Could you extract every entry below and reproduce it exactly?

# DATASET:
# # # # #
(* The topological group $\pi_{1}(HA,(0,0))$ has exactly one nonempty open subset (i.e., it carries the indiscrete topology).
   Context: For $n\geq1$ let $X_{n}\subset\mathbb{R}^{2}$ be the circle of radius $\frac1n$ centered at $(\frac1n,0)$ and $Y_{1}=\bigcup_{i\geq1}X_{i}$ (the Hawaiian earring). Let $A_{n}\subset\mathbb{R}^2$ be the closed pinched annulus bounded by $X_{n}\cup X_{n+1}$ and $Y^{n}=Y_{1}\cup A_{1}\cup\dots\cup A_{n}$ with the Euclidean subspace topology. The harmonic archipelago $HA$ has underlying set $\bigcup_{n}Y^{n}$, with a topology such that each $Y^{n}$ inherits its usual topology and: (1) there is a sequence $z_{n}\in\operatorname{int}(A_{n})$ such that $\{z_{1},z_{2},\dots\}$ has no subsequential limit, and (2) if $p\in HA$ is a subsequential limit of a sequence $(y_n)$ with $y_{n}\in\operatorname{int}(A_{n})$ for all $n$, then $p=(0,0)$. The topology on $\pi_1(HA,(0,0))$: let $L=\{f:[0,1]\to HA \mid f \text{ continuous},\ f(0)=f(1)=(0,0)\}$ with the uniform (compact-open) topology; $\pi_{1}(HA,(0,0))$ is the set of path components of $L$ with the quotient topology, which makes it a topological group. *)

theory Defs
  imports "HOL-Analysis.Analysis"
begin

text \<open>Points of the plane are pairs of reals (Euclidean metric/topology).
  The circle X n (n \<ge> 1) has radius 1/n and centre (1/n,0).\<close>

definition hcentre :: "nat \<Rightarrow> real \<times> real" where
  "hcentre n = (1 / real n, 0)"

definition Xc :: "nat \<Rightarrow> (real \<times> real) set" where
  "Xc n = sphere (hcentre n) (1 / real n)"

definition Y1 :: "(real \<times> real) set" where
  "Y1 = (\<Union>n\<in>{1..}. Xc n)"

definition Ann :: "nat \<Rightarrow> (real \<times> real) set" where
  "Ann n = cball (hcentre n) (1 / real n) - ball (hcentre (Suc n)) (1 / real (Suc n))"

definition Yup :: "nat \<Rightarrow> (real \<times> real) set" where
  "Yup n = Y1 \<union> (\<Union>k\<in>{1..n}. Ann k)"

definition HA :: "(real \<times> real) set" where
  "HA = (\<Union>n\<in>{1..}. Yup n)"

text \<open>Sequences are indexed from 0, the k-th term lying in int(A_(k+1)).
  "p is a subsequential limit of y" = some subsequence converges to p.\<close>
definition subseq_limit :: "'a topology \<Rightarrow> (nat \<Rightarrow> 'a) \<Rightarrow> 'a \<Rightarrow> bool" where
  "subseq_limit T y p \<longleftrightarrow> (\<exists>r. strict_mono r \<and> limitin T (y \<circ> r) p sequentially)"

definition HA_topology :: "(real \<times> real) topology \<Rightarrow> bool" where
  "HA_topology T \<longleftrightarrow>
     topspace T = HA \<and>
     (\<forall>n\<ge>1. subtopology T (Yup n) = top_of_set (Yup n)) \<and>
     (\<exists>z. (\<forall>k. z k \<in> interior (Ann (Suc k))) \<and> (\<forall>p. \<not> subseq_limit T z p)) \<and>
     (\<forall>y p. (\<forall>k. y k \<in> interior (Ann (Suc k))) \<and> subseq_limit T y p \<longrightarrow> p = (0, 0))"

text \<open>The space L of loops [0,1] \<rightarrow> HA based at (0,0).  Loops are represented
  by functions real \<Rightarrow> real \<times> real that are extensional on [0,1].\<close>
definition loops :: "(real \<times> real) topology \<Rightarrow> (real \<Rightarrow> real \<times> real) set" where
  "loops T = {f. continuous_map (top_of_set {0..1}) T f \<and> f 0 = (0, 0) \<and> f 1 = (0, 0)
                  \<and> f \<in> extensional {0..1}}"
# # # # #
# YOUR RESPONSE:
(* The topological group $\pi_{1}(HA,(0,0))$ has exactly one nonempty open subset (i.e., it carries the indiscrete topology).
   Context: For $n\geq1$ let $X_{n}\subset\mathbb{R}^{2}$ be the circle of radius $\frac1n$ centered at $(\frac1n,0)$ and $Y_{1}=\bigcup_{i\geq1}X_{i}$ (the Hawaiian earring). Let $A_{n}\subset\mathbb{R}^2$ be the closed pinched annulus bounded by $X_{n}\cup X_{n+1}$ and $Y^{n}=Y_{1}\cup A_{1}\cup\dots\cup A_{n}$ with the Euclidean subspace topology. The harmonic archipelago $HA$ has underlying set $\bigcup_{n}Y^{n}$, with a topology such that each $Y^{n}$ inherits its usual topology and: (1) there is a sequence $z_{n}\in\operatorname{int}(A_{n})$ such that $\{z_{1},z_{2},\dots\}$ has no subsequential limit, and (2) if $p\in HA$ is a subsequential limit of a sequence $(y_n)$ with $y_{n}\in\operatorname{int}(A_{n})$ for all $n$, then $p=(0,0)$. The topology on $\pi_1(HA,(0,0))$: let $L=\{f:[0,1]\to HA \mid f \text{ continuous},\ f(0)=f(1)=(0,0)\}$ with the uniform (compact-open) topology; $\pi_{1}(HA,(0,0))$ is the set of path components of $L$ with the quotient topology, which makes it a topological group. *)

theory Defs
  imports "HOL-Analysis.Analysis"
begin

text \<open>Points of the plane are pairs of reals (Euclidean metric/topology).
  The circle X n (n \<ge> 1) has radius 1/n and centre (1/n,0).\<close>

definition hcentre :: "nat \<Rightarrow> real \<times> real" where
  "hcentre n = (1 / real n, 0)"

definition Xc :: "nat \<Rightarrow> (real \<times> real) set" where
  "Xc n = sphere (hcentre n) (1 / real n)"

definition Y1 :: "(real \<times> real) set" where
  "Y1 = (\<Union>n\<in>{1..}. Xc n)"

definition Ann :: "nat \<Rightarrow> (real \<times> real) set" where
  "Ann n = cball (hcentre n) (1 / real n) - ball (hcentre (Suc n)) (1 / real (Suc n))"

definition Yup :: "nat \<Rightarrow> (real \<times> real) set" where
  "Yup n = Y1 \<union> (\<Union>k\<in>{1..n}. Ann k)"

definition HA :: "(real \<times> real) set" where
  "HA = (\<Union>n\<in>{1..}. Yup n)"

text \<open>Sequences are indexed from 0, the k-th term lying in int(A_(k+1)).
  "p is a subsequential limit of y" = some subsequence converges to p.\<close>
definition subseq_limit :: "'a topology \<Rightarrow> (nat \<Rightarrow> 'a) \<Rightarrow> 'a \<Rightarrow> bool" where
  "subseq_limit T y p \<longleftrightarrow> (\<exists>r. strict_mono r \<and> limitin T (y \<circ> r) p sequentially)"

definition HA_topology :: "(real \<times> real) topology \<Rightarrow> bool" where
  "HA_topology T \<longleftrightarrow>
     topspace T = HA \<and>
     (\<forall>n\<ge>1. subtopology T (Yup n) = top_of_set (Yup n)) \<and>
     (\<exists>z. (\<forall>k. z k \<in> interior (Ann (Suc k))) \<and> (\<forall>p. \<not> subseq_limit T z p)) \<and>
     (\<forall>y p. (\<forall>k. y k \<in> interior (Ann (Suc k))) \<and> subseq_limit T y p \<longrightarrow> p = (0, 0))"

text \<open>The space L of loops [0,1] \<rightarrow> HA based at (0,0).  Loops are represented
  by functions real \<Rightarrow> real \<times> real that are extensional on [0,1].\<close>
definition loops :: "(real \<times> real) topology \<Rightarrow> (real \<Rightarrow> real \<times> real) set" where
  "loops T = {f. continuous_map (top_of_set {0..1}) T f \<and> f 0 = (0, 0) \<and> f 1 = (0, 0)
                  \<and> f \<in> extensional {0..1}}"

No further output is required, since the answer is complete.